Saturday, June 21, 2008

OBAMA DITCHES NAFTA POSITION THAT HELPED HIM WIN THE PRIMARIES

CNN In an interview with Fortune to be featured in the magazine's upcoming issue, the presumptive Democratic nominee backed off his harshest attacks on the free trade agreement and indicated he didn't want to unilaterally reopen negotiations on NAFTA. "Sometimes during campaigns the rhetoric gets overheated and amplified," he conceded, after I reminded him that he had called NAFTA "devastating" and "a big mistake," despite nonpartisan studies concluding that the trade zone has had a mild, positive effect on the U.S. economy.
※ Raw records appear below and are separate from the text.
(* Let $c\in\mathbb{R}$ and let $\mathcal{C}$ be the $\sigma$-algebra of Borel subsets of $\mathbb{R}$ that are symmetric with respect to $c$ (i.e. $B\in\mathcal{C}$ iff $B$ is Borel and $x\in B\Leftrightarrow 2c-x\in B$). Consider the statistical model $(\mathbb{R},\mathcal{C},\{N(\theta,1)\}_{\theta\in\mathbb{R}})$, where $N(\theta,1)$ is the Gaussian law with mean $\theta$ and variance $1$ restricted to $\mathcal{C}$. Let $\lambda_1\geq 0$, $\theta_1=c-\lambda_1$, $\theta_2=c+\lambda_1$, $\Theta_1=\,]-\infty,\theta_1[\,\cup\,]\theta_2,+\infty[$ and $\Theta_0=[\theta_1,\theta_2]$. Then the experts for the choice between $\Theta_1$ and $\Theta_0$ are exactly the $\mathcal{C}$-measurable decision rules with values in $\{0,1\}$ which are almost surely of the form $g_t(x)=\mathbf{1}_{[t,+\infty[}(|x-c|)$ for some $t\in\overline{\mathbb{R}^+}=[0,+\infty]$.
   Context: Given a statistical model $(\Omega,\mathcal{A},(\mathbb{P}_\theta)_{\theta\in\Theta})$ whose laws have strictly positive densities with respect to a common measure, and a partition $\Theta=\Theta_0\cup\Theta_1$, an $\mathcal{A}$-measurable decision rule $\phi:\Omega\to\{0,1\}$ (value $d$ meaning "decide $\theta\in\Theta_d$") is an expert for the choice between $\Theta_0$ and $\Theta_1$ if for every $(\theta_0,\theta_1)\in\Theta_0\times\Theta_1$ and every non-negligible event $C\in\mathcal{A}$, $$\frac{\mathbb{P}_{\theta_1}(C\cap\{\phi=1\})}{\mathbb{P}_{\theta_1}(C)}\;\geq\;\frac{\mathbb{P}_{\theta_0}(C\cap\{\phi=1\})}{\mathbb{P}_{\theta_0}(C)}.$$ Here $\mathcal{A}=\mathcal{C}$, so only symmetric events $C$ are used; "almost surely" refers to Lebesgue-null sets. *)

theory Defs
  imports "HOL-Probability.Probability"
begin

definition decision_rule :: "'a measure \<Rightarrow> ('a \<Rightarrow> nat) \<Rightarrow> bool" where
  "decision_rule M \<phi> \<longleftrightarrow>
     \<phi> \<in> measurable M (count_space UNIV) \<and> (\<forall>x\<in>space M. \<phi> x \<in> {0, 1})"

text \<open>Expert for the choice between Theta0 and Theta1 (value d means: decide theta in Theta_d).
  mu is the common dominating measure on M, defining negligible events.\<close>
definition expert ::
  "'a measure \<Rightarrow> 'a measure \<Rightarrow> ('t \<Rightarrow> 'a measure) \<Rightarrow> 't set \<Rightarrow> 't set \<Rightarrow> ('a \<Rightarrow> nat) \<Rightarrow> bool" where
  "expert M \<mu> P \<Theta>0 \<Theta>1 \<phi> \<longleftrightarrow> decision_rule M \<phi> \<and>
     (\<forall>\<theta>0\<in>\<Theta>0. \<forall>\<theta>1\<in>\<Theta>1. \<forall>C\<in>sets M. emeasure \<mu> C \<noteq> 0 \<longrightarrow>
        measure (P \<theta>1) (C \<inter> {x\<in>space M. \<phi> x = 1}) / measure (P \<theta>1) C
        \<ge> measure (P \<theta>0) (C \<inter> {x\<in>space M. \<phi> x = 1}) / measure (P \<theta>0) C)"

definition sym_sets :: "real \<Rightarrow> real set set" where
  "sym_sets c = {B \<in> sets borel. \<forall>x. x \<in> B \<longleftrightarrow> 2 * c - x \<in> B}"

definition sym_space :: "real \<Rightarrow> real measure" where
  "sym_space c = sigma UNIV (sym_sets c)"

definition gauss_sym :: "real \<Rightarrow> real \<Rightarrow> real measure" where
  "gauss_sym c \<theta> = measure_of UNIV (sym_sets c) (emeasure (density lborel (normal_density \<theta> 1)))"

definition leb_sym :: "real \<Rightarrow> real measure" where
  "leb_sym c = measure_of UNIV (sym_sets c) (emeasure lborel)"

definition g_rule :: "real \<Rightarrow> ereal \<Rightarrow> real \<Rightarrow> nat" where
  "g_rule c t x = (if t \<le> ereal \<bar>x - c\<bar> then 1 else 0)"

end

theory Submission
  imports Defs
begin

(* On a symmetric event the law N(theta,1) cannot be told apart from its mirror image
   N(2c - theta,1), so it acts through the symmetrised density
     h_theta(x) = (N(theta,1) + N(2c - theta,1))(x) / 2
                = N(c,1)(x) exp(-(theta - c)^2/2) cosh((theta - c)(x - c)).
   Since cosh(a u) cosh(b v) <= cosh(a v) cosh(b u) for |b| <= |a|, |u| <= |v|, the likelihood ratio
   h_theta1 / h_theta0 is a nondecreasing function of |x - c| whenever |theta0 - c| <= |theta1 - c|,
   and a strictly increasing one when theta0 = c <> theta1.
   Monotone likelihood ratio makes every threshold rule g_t an expert: with K the ratio at distance t
   from c, the ratio is >= K where g_t accepts and <= K where it rejects, and comparing both parts
   of C with K gives the expert inequality. Conversely, if for an expert some level s left both {|x - c| < s, phi = 1} and
   {|x - c| > s, phi = 0} non-null, the union of the two would violate the expert inequality for
   theta0 = c; hence phi agrees almost everywhere with the threshold rule at
   t = sup {s. {|x - c| < s, phi = 1} is null}. *)

lemma emeasure_measure_of_subalgebra:
  assumes "sigma_algebra (space N) A" "A \<subseteq> sets N" "S \<in> A"
  shows "emeasure (measure_of (space N) A (emeasure N)) S = emeasure N S"
proof (rule emeasure_measure_of_sigma[OF assms(1) _ _ assms(3)])
  show "positive A (emeasure N)"
    by (simp add: positive_def)
  show "countably_additive A (emeasure N)"
    using assms(2) by (auto simp: countably_additive_def intro: suminf_emeasure)
qed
Does that mean his rhetoric was overheated and amplified? "Politicians are always guilty of that, and I don't exempt myself," he answered. . .

Obama's tone stands in marked contrast to his primary campaign's anti-NAFTA fusillades. The pact creating a North American free-trade zone was President Bill Clinton's signature accomplishment; but NAFTA is also the bugaboo of union leaders, grassroots activists and Midwesterners who blame free trade for the factory closings they see in their hometowns.

The Democratic candidates fought hard to win over those factions of their party, with Obama generally following Hillary Clinton's lead in setting a protectionist tone.

In February, as the campaign moved into the Rust Belt, both candidates vowed to invoke a six-month opt-out clause ("as a hammer," in Obama's words) to pressure Canada and Mexico to make concessions. . .

Now, however, Obama says he doesn't believe in unilaterally reopening NAFTA. On the afternoon that I sat down with him to discuss the economy, Obama said he had just spoken with Harper, who had called to congratulate him on winning the nomination.